Farmers, industry and agency stakeholders, administrators, students, and faculty gathered in Live Oak, FL  at the UF/IFAS North Florida Research And Education Center, on February 13 to attend the Annual Soil Health and Cover Crop Training Workshop. Despite the rainy weather, the event attracted 109 participants. The objective of this workshop is to demonstrate innovative practices that support soil health principles, including minimize soil disturbance (reduce tillage), maximize the presence of living roots in the soil and keep the soil covered (plant cover crops), maximize biodiversity and integrate livestock to recycle nutrients (rotate with animals, apply manure-based amendments). Horticultural Sciences faculty member Danielle Treadwell has been a member of the planning committee for each event. This year’s event, led by Jay Capasso is the fifth and largest event hosted by the planning committee since 2019. To date, 304 total attendees have participated in this workshop series designed for the North Central Florida farm community.

(bottom left to right) Dr. Danielle Treadwell (HOS), doctoral student Sean Wang (PP) and undergraduate Plant Science student Noah Allen (HOS) talk about soil formation at NFREC-SV, Live Oak, February 13, 2025.  Photo Credit: UF/IFAS P. Dittmar

The one-day workshop began with a welcome by UF/IFAS NFREC Director, Dean Pringle, and featured a trolley tour with several field stops at ongoing projects. The first stop featured a soil pit presentation by farmer Kirk Brock (Brock Farms), so farmers could see the impact of management on soil physical, chemical and biological properties. The soil pit site was the location of a 2024 BMP-focused grain corn variety trial followed by two seasons of cover crops. After corn harvest, a summer cover crop mixture of sun hemp, sunflower, and buckwheat was seeded with a no-till drill. After frost terminated the summer cover crops, a winter cover crop of cereal rye was seeded with a no-till drill. Participants viewed living rye roots to a depth of three feet and the accumulation of organic matter in the upper soil horizons.

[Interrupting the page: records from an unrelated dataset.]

(* Let $W$ be an irreducible euclidean Coxeter group not of type $\widetilde A_n$ and let $\sigma$ be a chamber of its Coxeter complex. Then the bipartite line of $\sigma$ is the axis (min-set) of each of the two bipartite Coxeter elements $w_1w_0$ and $w_0w_1$ produced by $\sigma$.
   Context: $W$ acts on a euclidean space $E$, generated by reflections in the facets of a euclidean simplex with dihedral angles submultiples of $\pi$, properly and cocompactly; chambers are images of the simplex. The diagram $\Gamma$ (a tree here) has a unique bipartition, giving a partition $S_0\sqcup S_1$ of the reflections in the facets of $\sigma$ into pairwise-commuting sets; $w_j$ is the product of the reflections in $S_j$; $F_j$ is the face of $\sigma$ cut out by the hyperplanes of the reflections in $S_j$ and $B_j$ is its affine hull. $B_0,B_1$ are disjoint and there is a unique pair of points $x_0\in B_0,x_1\in B_1$ realizing the distance between them; the bipartite line of $\sigma$ is the line through $x_0,x_1$. The min-set (axis) of an isometry is the set of points it moves the minimal distance. *)

theory Defs
  imports "HOL-Analysis.Analysis"
begin

text \<open>A simplex sigma in a euclidean space of dimension n = DIM('a) is given by its
  n+1 vertices v 0, ..., v n.  Facet i is the facet opposite to vertex i.\<close>

definition simplex_of :: "(nat \<Rightarrow> 'a::euclidean_space) \<Rightarrow> 'a set" where
  "simplex_of v = convex hull (v ` {0..DIM('a)})"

At the next stop, UF/IFAS soil scientist Jehangir Bhadha along with a team of graduate students and postdoctoral researcher presented several soil health benefits of cover cropping. In addition to discussing the four basic soil health principles (i.e., maximizing soil cover, biodiversity and continuous living roots, and minimizing soil disturbance), the team also demonstrated the importance of organic matter and soil pH as key indicators of soil quality across different soil types within the State.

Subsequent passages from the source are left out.